Social norms are related to gender inequalities in paid and unpaid work time, since in countries with less traditional social norms regarding the role of women, the gender gaps are smaller. Institutional factors are also related to the gender gaps in paid and unpaid work, since in countries with family policies that promote greater participation of men in family life, the gender gaps in paid and unpaid work are relatively small. In countries where the participation of women in the labour market is boosted through their participation in managerial positions and in national parliaments, the gender gaps in both paid and unpaid work are also relatively small.

Differences in the paid and unpaid workload of European men and women are still sizable in the 2010s, and the consequences can be significant, not only for equality of opportunity by gender, but also in terms of foregone economic productivity and growth. For example, Hsie et al., (2013) estimate that the increased entry of women (and blacks) in highly-skilled occupations, such as medicine and law, in the past fifty years in the US, accounts for about one quarter of the growth in aggregate output per capita over this period. Cavalcanti and Tavares (2016) measure the American gender wage gap against that of several other countries, finding that a 50% increase in the gender wage gap would lead to a 35% decrease in income per capita. This implies that the under-representation of European women in the labour market may undermine Europe’s economic growth. Moreover, there is evidence that the unequal share of market and unpaid work by gender is a source of marital conflict (Bargain et al., 2012).

This paper reinforces the conclusion that more generous leave policies, together with more and better childcare facilities (availability of affordable and high quality childcare centres, and out-of-school-hours care) would lead to a better work-life balance and help reduce the gender gaps in paid and unpaid work.

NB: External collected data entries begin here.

lemma add_interval_covers:
  assumes "finite P"
  shows "{a..b} \<union> (\<Union>p\<in>P. {fst p..snd p}) \<subseteq> (\<Union>p\<in>add_interval R a b P. {fst p..snd p})"
proof -
  let ?m = "merged_interval R a b P"
  have "{fst p..snd p} \<subseteq> {fst ?m..snd ?m}" if "p \<in> near_intervals R a b P" for p
    using merged_interval_encloses_near[OF assms that] by auto
  moreover have "{a..b} \<subseteq> {fst ?m..snd ?m}"
    using merged_interval_encloses[OF assms, of R a b] by auto
  ultimately show ?thesis
    unfolding add_interval_def by blast
qed

fun merge_intervals :: "real \<Rightarrow> (nat \<Rightarrow> real) \<Rightarrow> (nat \<Rightarrow> real) \<Rightarrow> nat \<Rightarrow> (real \<times> real) set" where
  "merge_intervals R x y 0 = {}"
| "merge_intervals R x y (Suc m) = add_interval R (x m) (y m) (merge_intervals R x y m)"

lemma finite_merge_intervals: "finite (merge_intervals R x y m)"
  by (induction m) (simp_all add: finite_add_interval)

lemma card_merge_intervals_le: "card (merge_intervals R x y m) \<le> m"
  by (induction m) (auto intro: le_trans[OF card_add_interval_le] finite_merge_intervals)

lemma merge_intervals_endpoints:
  "\<forall>p\<in>merge_intervals R x y m. fst p \<in> x ` {..<m} \<and> snd p \<in> y ` {..<m}"
proof (induction m)
  case (Suc m)
  have "x m \<in> x ` {..<Suc m}" "y m \<in> y ` {..<Suc m}" by auto
  moreover have "\<forall>p\<in>merge_intervals R x y m. fst p \<in> x ` {..<Suc m} \<and> snd p \<in> y ` {..<Suc m}"
    using Suc by auto
  ultimately show ?case
    unfolding merge_intervals.simps by (rule add_interval_endpoints[OF finite_merge_intervals])
qed simp

lemma merge_intervals_valid:
  "\<forall>i<m. x i \<le> y i \<Longrightarrow> \<forall>p\<in>merge_intervals R x y m. fst p \<le> snd p"
proof (induction m)
  case (Suc m)
  then show ?case
    using add_interval_valid[OF finite_merge_intervals, of "x m" "y m" R x y m] by simp
qed simp

lemma merge_intervals_pairwise_separated:
  assumes "R \<ge> 0" "\<forall>i<m. x i \<le> y i"
  shows "\<forall>p\<in>merge_intervals R x y m. \<forall>q\<in>merge_intervals R x y m. p \<noteq> q \<longrightarrow> separated R p q"
  using assms(2)
proof (induction m)
  case (Suc m)
  then have "\<forall>i<m. x i \<le> y i" by simp
  with Suc.IH show ?case
    using add_interval_pairwise_separated[OF finite_merge_intervals assms(1) merge_intervals_valid]
    by simp
qed simp

lemma merge_intervals_length_sum_le:
  assumes "R \<ge> 0" "\<forall>i<m. x i \<le> y i"
  shows "(\<Sum>p\<in>merge_intervals R x y m. snd p - fst p) \<le> 2 * real m * R + (\<Sum>i<m. y i - x i)"
  using assms(2)
proof (induction m)
  case (Suc m)
  then have valid: "\<forall>i<m. x i \<le> y i" and "x m \<le> y m" by simp_all
  with Suc.IH[OF valid] show ?case
    using add_interval_length_sum_le[OF finite_merge_intervals[of R x y m] assms(1) \<open>x m \<le> y m\<close>
        merge_intervals_valid[OF valid]]
    by (simp add: algebra_simps)
qed simp

lemma merge_intervals_covers:
  "(\<Union>i<m. {x i..y i}) \<subseteq> (\<Union>p\<in>merge_intervals R x y m. {fst p..snd p})"
proof (induction m)
  case (Suc m)
  then show ?case
    unfolding lessThan_Suc UN_insert merge_intervals.simps
    using add_interval_covers[OF finite_merge_intervals[of R x y m], of "x m" "y m" R] by blast
qed simp

theorem lemma5p6:
  fixes R :: real and m :: nat and x y :: "nat \<Rightarrow> real"
  assumes "R > 0" and "\<forall>i<m. x i \<le> y i"
  shows "\<exists>m' s t. m' \<le> m \<and>
           (\<forall>i<m'. s i \<in> x ` {..<m} \<and> t i \<in> y ` {..<m} \<and> s i \<le> t i) \<and>
           (\<Sum>i<m'. \<bar>t i - s i\<bar>) \<le> 2 * real m * R + (\<Sum>i<m. \<bar>y i - x i\<bar>) \<and>
           (\<forall>i<m'. \<forall>j<m'. i \<noteq> j \<longrightarrow> setdist {s i..t i} {s j..t j} \<ge> R) \<and>
           (\<Union>i<m. {x i..y i}) \<subseteq> (\<Union>i<m'. {s i..t i})"
proof -
  let ?P = "merge_intervals R x y m"
  obtain h where h: "bij_betw h {..<card ?P} ?P"
    using ex_bij_betw_nat_finite[OF finite_merge_intervals] atLeast0LessThan by metis
  then have h_in: "\<And>i. i < card ?P \<Longrightarrow> h i \<in> ?P"
    and h_inj: "\<And>i j. i < card ?P \<Longrightarrow> j < card ?P \<Longrightarrow> i \<noteq> j \<Longrightarrow> h i \<noteq> h j"
    by (auto simp: bij_betw_def inj_on_def)
  have valid: "\<forall>p\<in>?P. fst p \<le> snd p" using merge_intervals_valid[OF assms(2)] .
  show ?thesis
  proof (intro exI conjI allI impI)
    show "card ?P \<le> m" by (rule card_merge_intervals_le)
    show "fst (h i) \<in> x ` {..<m}" "snd (h i) \<in> y ` {..<m}" "fst (h i) \<le> snd (h i)"
      if "i < card ?P" for i
      using merge_intervals_endpoints[of R x y m] valid h_in[OF that] by auto
    have "(\<Sum>i<card ?P. \<bar>snd (h i) - fst (h i)\<bar>) = (\<Sum>p\<in>?P. snd p - fst p)"
      using sum.reindex_bij_betw[OF h, of "\<lambda>p. snd p - fst p"] h_in valid by simp
    also have "\<dots> \<le> 2 * real m * R + (\<Sum>i<m. \<bar>y i - x i\<bar>)"
      using merge_intervals_length_sum_le[of R m x y] assms by simp
    finally show "(\<Sum>i<card ?P. \<bar>snd (h i) - fst (h i)\<bar>) \<le> 2 * real m * R + (\<Sum>i<m. \<bar>y i - x i\<bar>)" .
    show "R \<le> setdist {fst (h i)..snd (h i)} {fst (h j)..snd (h j)}"
      if "i < card ?P" "j < card ?P" "i \<noteq> j" for i j
      using merge_intervals_pairwise_separated[of R m x y] assms h_in that h_inj[OF that] valid
      by (intro setdist_atLeastAtMost_ge_if_separated) auto
    have "(\<Union>i<card ?P. {fst (h i)..snd (h i)}) = (\<Union>p\<in>?P. {fst p..snd p})"
      using image_comp[of "\<lambda>p. {fst p..snd p}" h "{..<card ?P}"] bij_betw_imp_surj_on[OF h]
      by (simp add: comp_def)
    then show "(\<Union>i<m. {x i..y i}) \<subseteq> (\<Union>i<card ?P. {fst (h i)..snd (h i)})"
      using merge_intervals_covers[of x y m R] by simp
  qed
qed

end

Gender-based taxation schemes, with higher marginal tax rates for men, may also constitute a good point for successfully shifting the household division of labour in a more egalitarian direction. Policies aimed at impacting social norms regarding the care of other adults, which usually occurs at the end of the working life, may also help to reduce the gender gaps in paid and unpaid work. However, inequalities caused by gender norms are deeply rooted in individual and social consciousness and are resistant to change, which may make the redistribution of paid and unpaid work very difficult (Seguino, 2007).